_ENTRIES PROVIDED_
——

(* Let $g\in\mathcal{S}'(\mathbb{R})$ be supported in $[0,\infty)$ and let $a,b$ be constants. Suppose that, as $\lambda\to\infty$, $$g(\lambda x)=a\frac{\delta(x)}{\lambda}+b\frac{\log\lambda}{\lambda}\delta(x)+\frac{b}{\lambda}\operatorname{Pf}\left(\frac{H(x)}{x}\right)+o\left(\frac{1}{\lambda}\right)\quad\text{in }\mathcal{S}'(\mathbb{R}).$$ Then $$\mathcal{L}\{g;y\}=a-b\gamma+b\log\left(\frac{1}{y}\right)+o(1),\qquad y\to 0^+,$$ where $\gamma$ is Euler's constant.
   Context: $\delta$ is the Dirac delta and $H$ the Heaviside function (characteristic function of $[0,\infty)$). The distribution $\operatorname{Pf}(H(x)/x)$ is defined by $\langle \operatorname{Pf}(H(x)/x),\phi\rangle=\int_0^1\frac{\phi(x)-\phi(0)}{x}\,dx+\int_1^\infty\frac{\phi(x)}{x}\,dx$. For a distribution $g$, $g(\lambda x)$ is the distribution $\phi\mapsto \lambda^{-1}\langle g(x),\phi(x/\lambda)\rangle$. An asymptotic relation "$g(\lambda x)=c_1(\lambda)g_1(x)+c_2(\lambda)g_2(x)+o(c_2(\lambda))$ in $\mathcal{S}'(\mathbb{R})$" means that for every $\phi\in\mathcal{S}(\mathbb{R})$, $\langle g(\lambda x),\phi(x)\rangle=c_1(\lambda)\langle g_1,\phi\rangle+c_2(\lambda)\langle g_2,\phi\rangle+o(c_2(\lambda))$. For $g\in\mathcal{S}'(\mathbb{R})$ supported in $[0,\infty)$, its Laplace transform is $\mathcal{L}\{g;y\}=\langle g(x),e^{-yx}\rangle$, $y>0$ (well defined since $g$ is supported in $[0,\infty)$). *)

theory Defs
  imports "HOL-Analysis.Analysis"
begin

fun nderiv :: "nat \<Rightarrow> (real \<Rightarrow> complex) \<Rightarrow> real \<Rightarrow> complex" where
  "nderiv 0 f = f"
| "nderiv (Suc k) f = (\<lambda>x. vector_derivative (nderiv k f) (at x))"

definition schwartz :: "(real \<Rightarrow> complex) \<Rightarrow> bool" where
  "schwartz f \<longleftrightarrow>
     (\<forall>k x. nderiv k f differentiable (at x)) \<and>
     (\<forall>j k. \<exists>B. \<forall>x. (1 + \<bar>x\<bar>) ^ j * norm (nderiv k f x) \<le> B)"

text \<open>Tempered distributions: linear functionals on S(R), continuous for the
  Schwartz topology, i.e. bounded by a constant times a finite maximum of the
  seminorms sup_x (1+|x|)^j |f^(k)(x)|, j,k <= N.\<close>
definition tempered :: "((real \<Rightarrow> complex) \<Rightarrow> complex) \<Rightarrow> bool" where
  "tempered T \<longleftrightarrow>
     (\<forall>f g. schwartz f \<longrightarrow> schwartz g \<longrightarrow> T (\<lambda>x. f x + g x) = T f + T g) \<and>
     (\<forall>c f. schwartz f \<longrightarrow> T (\<lambda>x. c * f x) = c * T f) \<and>
     (\<exists>C N. \<forall>f B. schwartz f \<longrightarrow>
         (\<forall>j\<le>N. \<forall>k\<le>N. \<forall>x. (1 + \<bar>x\<bar>) ^ j * norm (nderiv k f x) \<le> B) \<longrightarrow>
         norm (T f) \<le> C * B)"

text \<open>supp T \<subseteq> [0,\<infinity>): T vanishes on every test function whose (compact) support
  lies in the open set (-\<infinity>,0).\<close>
definition supported_nonneg :: "((real \<Rightarrow> complex) \<Rightarrow> complex) \<Rightarrow> bool" where
  "supported_nonneg T \<longleftrightarrow>
     (\<forall>f. schwartz f \<longrightarrow> compact (closure {x. f x \<noteq> 0}) \<longrightarrow>
          closure {x. f x \<noteq> 0} \<subseteq> {..<0} \<longrightarrow> T f = 0)"

text \<open>Dilation: <g(lambda x), phi> = lambda^{-1} <g, phi(x/lambda)>.\<close>
definition dilate :: "((real \<Rightarrow> complex) \<Rightarrow> complex) \<Rightarrow> real \<Rightarrow> (real \<Rightarrow> complex) \<Rightarrow> complex" where
  "dilate T l f = T (\<lambda>x. f (x / l)) / complex_of_real l"

definition dirac :: "(real \<Rightarrow> complex) \<Rightarrow> complex" where
  "dirac f = f 0"

definition pf_H_over_x :: "(real \<Rightarrow> complex) \<Rightarrow> complex" where
  "pf_H_over_x f =
     set_lebesgue_integral lborel {0<..1} (\<lambda>x. (f x - f 0) / complex_of_real x)
   + set_lebesgue_integral lborel {1..} (\<lambda>x. f x / complex_of_real x)"

text \<open>A fixed smooth cutoff equal to 1 on [0,\<infinity>) and 0 on (-\<infinity>,-1].\<close>
definition smooth_step_aux :: "real \<Rightarrow> real" where
  "smooth_step_aux t = (if t > 0 then exp (- 1 / t) else 0)"

definition cutoff :: "real \<Rightarrow> real" where
  "cutoff x = smooth_step_aux (x + 1) / (smooth_step_aux (x + 1) + smooth_step_aux (- x))"

text \<open>Laplace transform of a distribution supported in [0,\<infinity>):
  L{g;y} = <g(x), e^{-yx}>, realised as <g, cutoff(x) e^{-yx}> (independent of the cutoff
  by the support condition).\<close>
definition laplace :: "((real \<Rightarrow> complex) \<Rightarrow> complex) \<Rightarrow> real \<Rightarrow> complex" where
  "laplace T y = T (\<lambda>x. complex_of_real (cutoff x * exp (- y * x)))"

end

theory Submission
  imports Defs "HOL-Computational_Algebra.Polynomial" "HOL-Real_Asymp.Real_Asymp"
begin

text \<open>Put \<open>\<psi>(x) = cutoff(x) exp(-x)\<close>. Since \<open>g\<close> is supported in \<open>[0,\<infinity>)\<close>,
  \<open>L{g;1/\<lambda>} = <g(x), \<psi>(x/\<lambda>)> = \<lambda> <g(\<lambda>x), \<psi>>\<close>: in the Laplace transform the exponential
  \<open>exp(-x/\<lambda>)\<close> may be cut off by \<open>\<psi>(x/\<lambda>)\<close> instead of \<open>cutoff(x)\<close>. Indeed the difference
  vanishes on \<open>[0,\<infinity>)\<close>, hence is flat at 0, so cutting it off at distance \<open>\<epsilon>\<close> from 0 changes
  it only by \<open>O(\<epsilon>)\<close> in every Schwartz seminorm, and the cut-off function is supported in
  \<open>(-\<infinity>,0)\<close>. The hypothesis then gives \<open>L{g;y} = a + b log(1/y) + b <Pf(H(x)/x), \<psi>> + o(1)\<close>,
  and \<open><Pf(H(x)/x), \<psi>>\<close> is the limit of \<open>\<Gamma>(s) - 1/s\<close> as \<open>s \<rightarrow> 0+\<close>, i.e. \<open>-\<gamma>\<close>, by dominated
  convergence in the integral representation of \<open>\<Gamma>\<close>.\<close>

section \<open>Smooth functions\<close>

definition smooth :: "(real \<Rightarrow> complex) \<Rightarrow> bool" where
  "smooth f \<longleftrightarrow> (\<forall>k x. nderiv k f differentiable (at x))"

——

A line counts if it contains the string "dilate"; report how many lines in the material do, giving only the number.

2